• DATA RECORDS
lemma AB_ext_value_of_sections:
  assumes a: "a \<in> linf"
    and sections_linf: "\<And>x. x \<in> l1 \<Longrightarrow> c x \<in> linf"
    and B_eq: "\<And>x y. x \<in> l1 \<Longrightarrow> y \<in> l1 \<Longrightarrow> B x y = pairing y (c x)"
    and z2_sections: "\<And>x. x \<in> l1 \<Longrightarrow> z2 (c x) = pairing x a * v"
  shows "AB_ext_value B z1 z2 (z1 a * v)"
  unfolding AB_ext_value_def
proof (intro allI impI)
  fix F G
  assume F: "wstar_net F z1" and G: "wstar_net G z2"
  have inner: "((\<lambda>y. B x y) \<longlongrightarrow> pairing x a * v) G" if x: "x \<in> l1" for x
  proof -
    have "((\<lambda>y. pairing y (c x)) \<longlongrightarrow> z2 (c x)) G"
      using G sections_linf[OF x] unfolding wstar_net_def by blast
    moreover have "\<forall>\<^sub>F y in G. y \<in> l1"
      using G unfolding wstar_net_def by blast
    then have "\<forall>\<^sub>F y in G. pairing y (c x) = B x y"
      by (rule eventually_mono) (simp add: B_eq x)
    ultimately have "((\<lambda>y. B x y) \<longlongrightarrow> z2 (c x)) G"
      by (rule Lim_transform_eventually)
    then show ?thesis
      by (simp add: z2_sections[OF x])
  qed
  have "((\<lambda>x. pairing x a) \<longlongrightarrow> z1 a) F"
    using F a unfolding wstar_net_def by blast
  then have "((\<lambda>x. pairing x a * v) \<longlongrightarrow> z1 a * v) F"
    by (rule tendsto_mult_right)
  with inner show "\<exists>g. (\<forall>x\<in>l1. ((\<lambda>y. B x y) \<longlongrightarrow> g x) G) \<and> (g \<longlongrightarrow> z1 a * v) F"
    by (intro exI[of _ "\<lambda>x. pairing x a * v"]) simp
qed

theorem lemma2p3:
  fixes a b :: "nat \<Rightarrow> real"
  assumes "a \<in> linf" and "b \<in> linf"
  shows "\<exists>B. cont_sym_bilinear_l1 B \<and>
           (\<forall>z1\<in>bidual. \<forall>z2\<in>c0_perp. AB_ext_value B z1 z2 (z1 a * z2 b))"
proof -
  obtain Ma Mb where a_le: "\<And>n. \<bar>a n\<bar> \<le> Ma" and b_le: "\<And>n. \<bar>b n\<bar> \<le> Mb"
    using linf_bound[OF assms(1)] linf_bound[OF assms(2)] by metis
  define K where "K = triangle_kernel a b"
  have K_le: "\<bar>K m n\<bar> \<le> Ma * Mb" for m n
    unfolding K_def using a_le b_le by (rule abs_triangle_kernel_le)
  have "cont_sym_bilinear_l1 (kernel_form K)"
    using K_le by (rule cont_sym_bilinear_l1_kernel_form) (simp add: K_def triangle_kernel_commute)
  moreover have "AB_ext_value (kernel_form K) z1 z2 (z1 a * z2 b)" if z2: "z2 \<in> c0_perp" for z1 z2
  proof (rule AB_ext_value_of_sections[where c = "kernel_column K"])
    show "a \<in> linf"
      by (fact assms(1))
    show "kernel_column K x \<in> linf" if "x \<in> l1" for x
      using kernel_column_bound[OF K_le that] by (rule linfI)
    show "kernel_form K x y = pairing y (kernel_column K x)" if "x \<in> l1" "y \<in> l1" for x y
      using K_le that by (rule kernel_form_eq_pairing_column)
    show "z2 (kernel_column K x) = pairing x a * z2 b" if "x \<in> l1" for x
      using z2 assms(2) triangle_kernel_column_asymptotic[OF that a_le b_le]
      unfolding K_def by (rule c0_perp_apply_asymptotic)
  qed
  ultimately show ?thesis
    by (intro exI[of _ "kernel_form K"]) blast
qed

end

==

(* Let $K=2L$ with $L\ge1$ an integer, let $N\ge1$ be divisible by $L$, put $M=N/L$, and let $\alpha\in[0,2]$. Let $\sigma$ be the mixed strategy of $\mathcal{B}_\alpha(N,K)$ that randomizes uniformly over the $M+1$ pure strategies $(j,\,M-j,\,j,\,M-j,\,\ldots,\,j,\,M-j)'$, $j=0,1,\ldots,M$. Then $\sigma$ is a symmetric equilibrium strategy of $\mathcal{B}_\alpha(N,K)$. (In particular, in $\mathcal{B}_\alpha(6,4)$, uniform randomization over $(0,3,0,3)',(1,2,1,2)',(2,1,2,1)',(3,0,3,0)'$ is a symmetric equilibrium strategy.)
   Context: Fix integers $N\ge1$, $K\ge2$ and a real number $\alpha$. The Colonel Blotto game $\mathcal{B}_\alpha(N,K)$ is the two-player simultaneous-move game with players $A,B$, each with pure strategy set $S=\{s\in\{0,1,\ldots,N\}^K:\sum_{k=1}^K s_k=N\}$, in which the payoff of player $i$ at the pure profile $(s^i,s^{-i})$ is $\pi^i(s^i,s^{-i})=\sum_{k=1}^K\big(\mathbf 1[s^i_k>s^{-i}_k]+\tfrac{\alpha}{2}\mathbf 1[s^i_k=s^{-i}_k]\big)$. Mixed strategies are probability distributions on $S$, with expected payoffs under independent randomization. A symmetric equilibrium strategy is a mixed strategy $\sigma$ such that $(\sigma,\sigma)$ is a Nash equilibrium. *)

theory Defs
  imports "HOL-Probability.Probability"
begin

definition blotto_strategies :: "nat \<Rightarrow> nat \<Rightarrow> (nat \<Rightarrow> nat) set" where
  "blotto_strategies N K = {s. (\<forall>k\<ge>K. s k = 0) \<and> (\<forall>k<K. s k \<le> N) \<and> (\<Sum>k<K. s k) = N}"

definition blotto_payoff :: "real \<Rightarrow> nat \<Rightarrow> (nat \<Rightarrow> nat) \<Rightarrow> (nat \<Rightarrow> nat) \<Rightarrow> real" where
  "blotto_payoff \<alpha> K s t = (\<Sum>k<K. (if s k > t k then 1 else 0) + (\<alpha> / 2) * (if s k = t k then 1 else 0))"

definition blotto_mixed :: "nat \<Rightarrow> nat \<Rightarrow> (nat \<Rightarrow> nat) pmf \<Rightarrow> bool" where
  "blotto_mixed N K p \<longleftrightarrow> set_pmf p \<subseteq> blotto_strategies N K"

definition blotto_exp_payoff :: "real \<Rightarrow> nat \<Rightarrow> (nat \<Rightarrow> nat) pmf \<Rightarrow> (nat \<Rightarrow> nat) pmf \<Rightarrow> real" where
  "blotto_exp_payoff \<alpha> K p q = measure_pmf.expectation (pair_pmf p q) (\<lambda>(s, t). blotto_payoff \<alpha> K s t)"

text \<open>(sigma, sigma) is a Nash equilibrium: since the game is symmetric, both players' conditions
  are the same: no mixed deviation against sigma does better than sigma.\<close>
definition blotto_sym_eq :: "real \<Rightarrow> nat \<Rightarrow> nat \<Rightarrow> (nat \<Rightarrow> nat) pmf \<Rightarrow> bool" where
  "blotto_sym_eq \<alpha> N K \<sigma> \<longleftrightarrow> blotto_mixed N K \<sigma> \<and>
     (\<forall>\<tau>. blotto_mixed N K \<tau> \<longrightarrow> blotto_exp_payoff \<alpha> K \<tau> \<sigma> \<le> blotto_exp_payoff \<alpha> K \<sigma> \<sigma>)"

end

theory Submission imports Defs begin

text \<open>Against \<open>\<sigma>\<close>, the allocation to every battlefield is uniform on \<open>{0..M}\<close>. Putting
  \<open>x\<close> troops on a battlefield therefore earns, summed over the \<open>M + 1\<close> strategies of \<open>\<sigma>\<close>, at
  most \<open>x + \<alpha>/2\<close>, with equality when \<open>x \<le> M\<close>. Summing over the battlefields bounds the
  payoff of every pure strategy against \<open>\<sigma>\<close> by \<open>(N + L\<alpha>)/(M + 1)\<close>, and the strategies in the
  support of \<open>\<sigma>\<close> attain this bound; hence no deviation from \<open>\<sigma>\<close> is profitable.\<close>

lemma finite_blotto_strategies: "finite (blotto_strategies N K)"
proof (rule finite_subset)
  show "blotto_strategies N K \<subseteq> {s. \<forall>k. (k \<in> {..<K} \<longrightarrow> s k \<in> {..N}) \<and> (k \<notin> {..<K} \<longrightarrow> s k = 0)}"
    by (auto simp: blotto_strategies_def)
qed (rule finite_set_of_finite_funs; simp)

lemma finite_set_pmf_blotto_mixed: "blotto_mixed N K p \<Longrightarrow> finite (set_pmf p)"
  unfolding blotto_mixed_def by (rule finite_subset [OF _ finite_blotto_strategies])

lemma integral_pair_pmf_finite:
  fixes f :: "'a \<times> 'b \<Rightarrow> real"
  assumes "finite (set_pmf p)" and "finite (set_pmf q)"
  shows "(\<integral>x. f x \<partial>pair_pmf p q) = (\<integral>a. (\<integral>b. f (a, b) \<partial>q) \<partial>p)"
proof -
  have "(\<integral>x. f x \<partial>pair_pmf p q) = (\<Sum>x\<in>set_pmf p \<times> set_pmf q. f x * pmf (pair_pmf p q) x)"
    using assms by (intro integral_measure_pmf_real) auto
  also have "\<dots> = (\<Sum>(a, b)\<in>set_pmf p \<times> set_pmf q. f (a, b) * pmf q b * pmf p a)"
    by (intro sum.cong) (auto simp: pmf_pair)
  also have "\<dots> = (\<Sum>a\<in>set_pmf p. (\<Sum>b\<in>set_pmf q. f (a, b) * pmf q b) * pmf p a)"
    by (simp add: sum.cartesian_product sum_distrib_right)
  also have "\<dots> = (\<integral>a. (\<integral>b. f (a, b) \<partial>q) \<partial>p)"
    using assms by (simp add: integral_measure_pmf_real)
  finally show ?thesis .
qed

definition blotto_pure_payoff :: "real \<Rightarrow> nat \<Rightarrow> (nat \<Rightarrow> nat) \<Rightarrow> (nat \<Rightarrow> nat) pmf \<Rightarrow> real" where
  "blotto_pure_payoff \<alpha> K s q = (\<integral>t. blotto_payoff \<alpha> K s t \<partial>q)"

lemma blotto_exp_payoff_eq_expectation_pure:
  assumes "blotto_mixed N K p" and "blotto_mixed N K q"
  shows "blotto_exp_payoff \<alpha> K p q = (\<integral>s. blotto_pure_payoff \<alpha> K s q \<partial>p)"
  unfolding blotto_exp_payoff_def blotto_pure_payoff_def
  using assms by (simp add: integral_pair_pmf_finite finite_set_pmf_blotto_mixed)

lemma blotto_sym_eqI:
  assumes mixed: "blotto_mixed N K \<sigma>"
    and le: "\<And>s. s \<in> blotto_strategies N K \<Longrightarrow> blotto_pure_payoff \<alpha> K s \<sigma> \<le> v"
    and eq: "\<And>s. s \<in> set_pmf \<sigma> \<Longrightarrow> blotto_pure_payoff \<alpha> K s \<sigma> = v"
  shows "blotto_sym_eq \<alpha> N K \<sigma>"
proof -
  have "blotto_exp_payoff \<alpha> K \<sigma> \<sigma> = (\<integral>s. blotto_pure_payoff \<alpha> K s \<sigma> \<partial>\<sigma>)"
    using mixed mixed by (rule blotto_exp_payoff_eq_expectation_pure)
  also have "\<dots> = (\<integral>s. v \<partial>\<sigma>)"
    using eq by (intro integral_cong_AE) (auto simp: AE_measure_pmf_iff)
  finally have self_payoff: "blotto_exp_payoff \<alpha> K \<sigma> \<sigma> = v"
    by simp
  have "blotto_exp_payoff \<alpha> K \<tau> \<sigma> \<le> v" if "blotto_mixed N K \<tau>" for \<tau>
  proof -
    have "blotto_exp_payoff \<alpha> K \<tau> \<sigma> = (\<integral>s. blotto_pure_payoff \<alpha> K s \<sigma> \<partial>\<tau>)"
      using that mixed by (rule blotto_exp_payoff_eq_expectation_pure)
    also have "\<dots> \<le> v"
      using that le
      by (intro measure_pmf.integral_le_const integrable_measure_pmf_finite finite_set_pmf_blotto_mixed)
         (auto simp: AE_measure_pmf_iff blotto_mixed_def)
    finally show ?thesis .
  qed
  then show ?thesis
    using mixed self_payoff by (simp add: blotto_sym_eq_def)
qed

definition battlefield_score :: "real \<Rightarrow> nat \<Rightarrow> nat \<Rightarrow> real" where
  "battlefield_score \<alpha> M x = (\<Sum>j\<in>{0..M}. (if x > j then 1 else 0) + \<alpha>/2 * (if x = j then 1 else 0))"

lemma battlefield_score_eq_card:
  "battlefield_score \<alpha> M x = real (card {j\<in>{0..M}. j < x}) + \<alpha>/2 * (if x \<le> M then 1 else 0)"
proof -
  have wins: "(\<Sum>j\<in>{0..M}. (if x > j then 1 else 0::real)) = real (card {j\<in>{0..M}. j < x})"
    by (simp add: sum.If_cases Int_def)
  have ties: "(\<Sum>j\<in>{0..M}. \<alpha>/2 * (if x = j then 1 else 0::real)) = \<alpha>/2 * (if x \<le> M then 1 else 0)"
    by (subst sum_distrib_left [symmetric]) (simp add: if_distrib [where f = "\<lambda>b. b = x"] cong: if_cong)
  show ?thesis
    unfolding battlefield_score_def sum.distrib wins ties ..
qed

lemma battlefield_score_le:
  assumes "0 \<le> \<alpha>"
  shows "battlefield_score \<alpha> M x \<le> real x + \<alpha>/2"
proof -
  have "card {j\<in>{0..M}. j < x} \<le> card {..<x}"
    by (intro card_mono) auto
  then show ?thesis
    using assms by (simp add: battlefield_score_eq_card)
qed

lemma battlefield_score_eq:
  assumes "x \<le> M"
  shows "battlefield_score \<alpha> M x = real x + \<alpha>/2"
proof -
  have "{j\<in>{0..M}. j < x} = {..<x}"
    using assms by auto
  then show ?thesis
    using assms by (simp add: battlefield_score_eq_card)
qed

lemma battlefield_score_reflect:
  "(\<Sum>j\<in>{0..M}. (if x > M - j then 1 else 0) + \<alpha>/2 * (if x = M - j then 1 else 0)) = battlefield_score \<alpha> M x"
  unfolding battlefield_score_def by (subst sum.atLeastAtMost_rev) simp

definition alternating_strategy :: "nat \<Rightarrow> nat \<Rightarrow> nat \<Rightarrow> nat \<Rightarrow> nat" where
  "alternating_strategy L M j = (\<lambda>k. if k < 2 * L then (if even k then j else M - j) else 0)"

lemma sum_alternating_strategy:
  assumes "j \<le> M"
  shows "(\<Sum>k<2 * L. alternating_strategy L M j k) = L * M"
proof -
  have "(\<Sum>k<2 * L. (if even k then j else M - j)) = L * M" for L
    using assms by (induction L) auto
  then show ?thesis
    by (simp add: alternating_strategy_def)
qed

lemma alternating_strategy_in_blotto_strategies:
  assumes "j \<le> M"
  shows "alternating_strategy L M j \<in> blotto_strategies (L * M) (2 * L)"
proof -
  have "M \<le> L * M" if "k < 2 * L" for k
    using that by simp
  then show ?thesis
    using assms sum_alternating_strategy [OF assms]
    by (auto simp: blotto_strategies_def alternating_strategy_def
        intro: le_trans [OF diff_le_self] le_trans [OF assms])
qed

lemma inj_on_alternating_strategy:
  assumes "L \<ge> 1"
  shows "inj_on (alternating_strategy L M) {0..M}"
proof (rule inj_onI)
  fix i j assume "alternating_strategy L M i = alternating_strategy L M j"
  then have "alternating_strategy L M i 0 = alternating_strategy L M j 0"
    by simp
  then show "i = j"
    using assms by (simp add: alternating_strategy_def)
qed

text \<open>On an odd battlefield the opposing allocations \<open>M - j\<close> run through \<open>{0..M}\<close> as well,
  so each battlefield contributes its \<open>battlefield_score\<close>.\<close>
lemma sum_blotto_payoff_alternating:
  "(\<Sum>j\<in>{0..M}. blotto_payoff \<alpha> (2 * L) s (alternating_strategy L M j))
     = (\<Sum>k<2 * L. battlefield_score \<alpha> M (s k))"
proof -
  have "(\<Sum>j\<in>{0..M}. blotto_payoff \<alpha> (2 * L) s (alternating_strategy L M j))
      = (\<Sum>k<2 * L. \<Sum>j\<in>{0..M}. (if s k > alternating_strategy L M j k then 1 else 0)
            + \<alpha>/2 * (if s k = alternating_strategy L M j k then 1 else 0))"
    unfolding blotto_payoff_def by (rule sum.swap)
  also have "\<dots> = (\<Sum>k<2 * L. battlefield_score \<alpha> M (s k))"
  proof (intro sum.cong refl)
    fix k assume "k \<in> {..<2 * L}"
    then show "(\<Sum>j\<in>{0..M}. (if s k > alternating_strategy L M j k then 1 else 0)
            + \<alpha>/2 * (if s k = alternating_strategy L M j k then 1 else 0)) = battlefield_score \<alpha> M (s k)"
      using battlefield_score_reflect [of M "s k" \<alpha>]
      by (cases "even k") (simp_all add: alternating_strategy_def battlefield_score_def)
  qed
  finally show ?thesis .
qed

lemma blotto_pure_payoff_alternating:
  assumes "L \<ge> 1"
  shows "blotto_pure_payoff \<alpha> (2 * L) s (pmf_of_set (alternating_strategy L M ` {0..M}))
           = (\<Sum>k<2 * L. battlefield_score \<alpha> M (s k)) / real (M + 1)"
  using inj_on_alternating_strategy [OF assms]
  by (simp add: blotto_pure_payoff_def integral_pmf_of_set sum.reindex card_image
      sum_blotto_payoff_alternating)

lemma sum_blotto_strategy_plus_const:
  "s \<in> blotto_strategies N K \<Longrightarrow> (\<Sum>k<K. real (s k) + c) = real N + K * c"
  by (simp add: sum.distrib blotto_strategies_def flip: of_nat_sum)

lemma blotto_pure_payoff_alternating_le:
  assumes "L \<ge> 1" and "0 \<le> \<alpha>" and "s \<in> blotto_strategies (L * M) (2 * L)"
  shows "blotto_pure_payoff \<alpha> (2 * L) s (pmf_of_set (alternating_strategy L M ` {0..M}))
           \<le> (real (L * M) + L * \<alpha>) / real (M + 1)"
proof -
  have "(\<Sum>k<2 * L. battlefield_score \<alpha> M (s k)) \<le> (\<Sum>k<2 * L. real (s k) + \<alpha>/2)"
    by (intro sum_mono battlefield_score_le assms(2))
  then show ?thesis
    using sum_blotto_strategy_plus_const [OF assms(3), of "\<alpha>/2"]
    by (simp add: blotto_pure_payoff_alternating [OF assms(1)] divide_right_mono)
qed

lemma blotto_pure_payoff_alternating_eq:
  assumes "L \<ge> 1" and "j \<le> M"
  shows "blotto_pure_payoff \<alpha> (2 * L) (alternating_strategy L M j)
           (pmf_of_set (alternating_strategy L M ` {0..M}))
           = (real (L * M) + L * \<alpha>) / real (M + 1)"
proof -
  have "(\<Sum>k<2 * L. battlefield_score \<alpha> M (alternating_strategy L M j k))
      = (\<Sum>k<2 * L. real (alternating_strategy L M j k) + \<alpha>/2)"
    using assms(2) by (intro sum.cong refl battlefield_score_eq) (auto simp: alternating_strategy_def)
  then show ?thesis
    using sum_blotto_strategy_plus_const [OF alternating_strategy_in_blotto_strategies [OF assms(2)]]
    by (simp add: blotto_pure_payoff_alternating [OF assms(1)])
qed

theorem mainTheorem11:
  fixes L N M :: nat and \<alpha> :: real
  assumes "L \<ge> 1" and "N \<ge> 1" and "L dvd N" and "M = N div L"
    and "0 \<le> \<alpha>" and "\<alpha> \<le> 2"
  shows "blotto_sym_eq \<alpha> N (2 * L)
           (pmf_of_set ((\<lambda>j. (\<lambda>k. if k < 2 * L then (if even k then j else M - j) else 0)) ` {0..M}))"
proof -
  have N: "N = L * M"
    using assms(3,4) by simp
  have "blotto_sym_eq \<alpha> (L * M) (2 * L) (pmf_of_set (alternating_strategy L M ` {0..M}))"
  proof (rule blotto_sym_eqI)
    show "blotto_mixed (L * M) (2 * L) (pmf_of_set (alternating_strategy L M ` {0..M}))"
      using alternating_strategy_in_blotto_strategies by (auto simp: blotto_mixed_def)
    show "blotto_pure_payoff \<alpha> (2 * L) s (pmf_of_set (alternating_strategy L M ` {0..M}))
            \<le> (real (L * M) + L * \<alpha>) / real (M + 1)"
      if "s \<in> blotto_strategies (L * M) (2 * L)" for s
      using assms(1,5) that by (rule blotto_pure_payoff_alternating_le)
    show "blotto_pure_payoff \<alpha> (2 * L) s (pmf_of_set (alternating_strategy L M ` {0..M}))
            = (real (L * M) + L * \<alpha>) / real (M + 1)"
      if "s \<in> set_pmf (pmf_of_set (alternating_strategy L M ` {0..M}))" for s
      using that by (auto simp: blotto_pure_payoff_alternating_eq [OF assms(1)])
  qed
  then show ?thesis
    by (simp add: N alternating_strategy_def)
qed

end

• PROBLEM REQUIREMENTS
All lines of the material that contain the string "fixes" are to be copied.

• EXERCISE ANSWER
  fixes a b :: "nat \<Rightarrow> real"
  fixes f :: "'a \<times> 'b \<Rightarrow> real"
  fixes L N M :: nat and \<alpha> :: real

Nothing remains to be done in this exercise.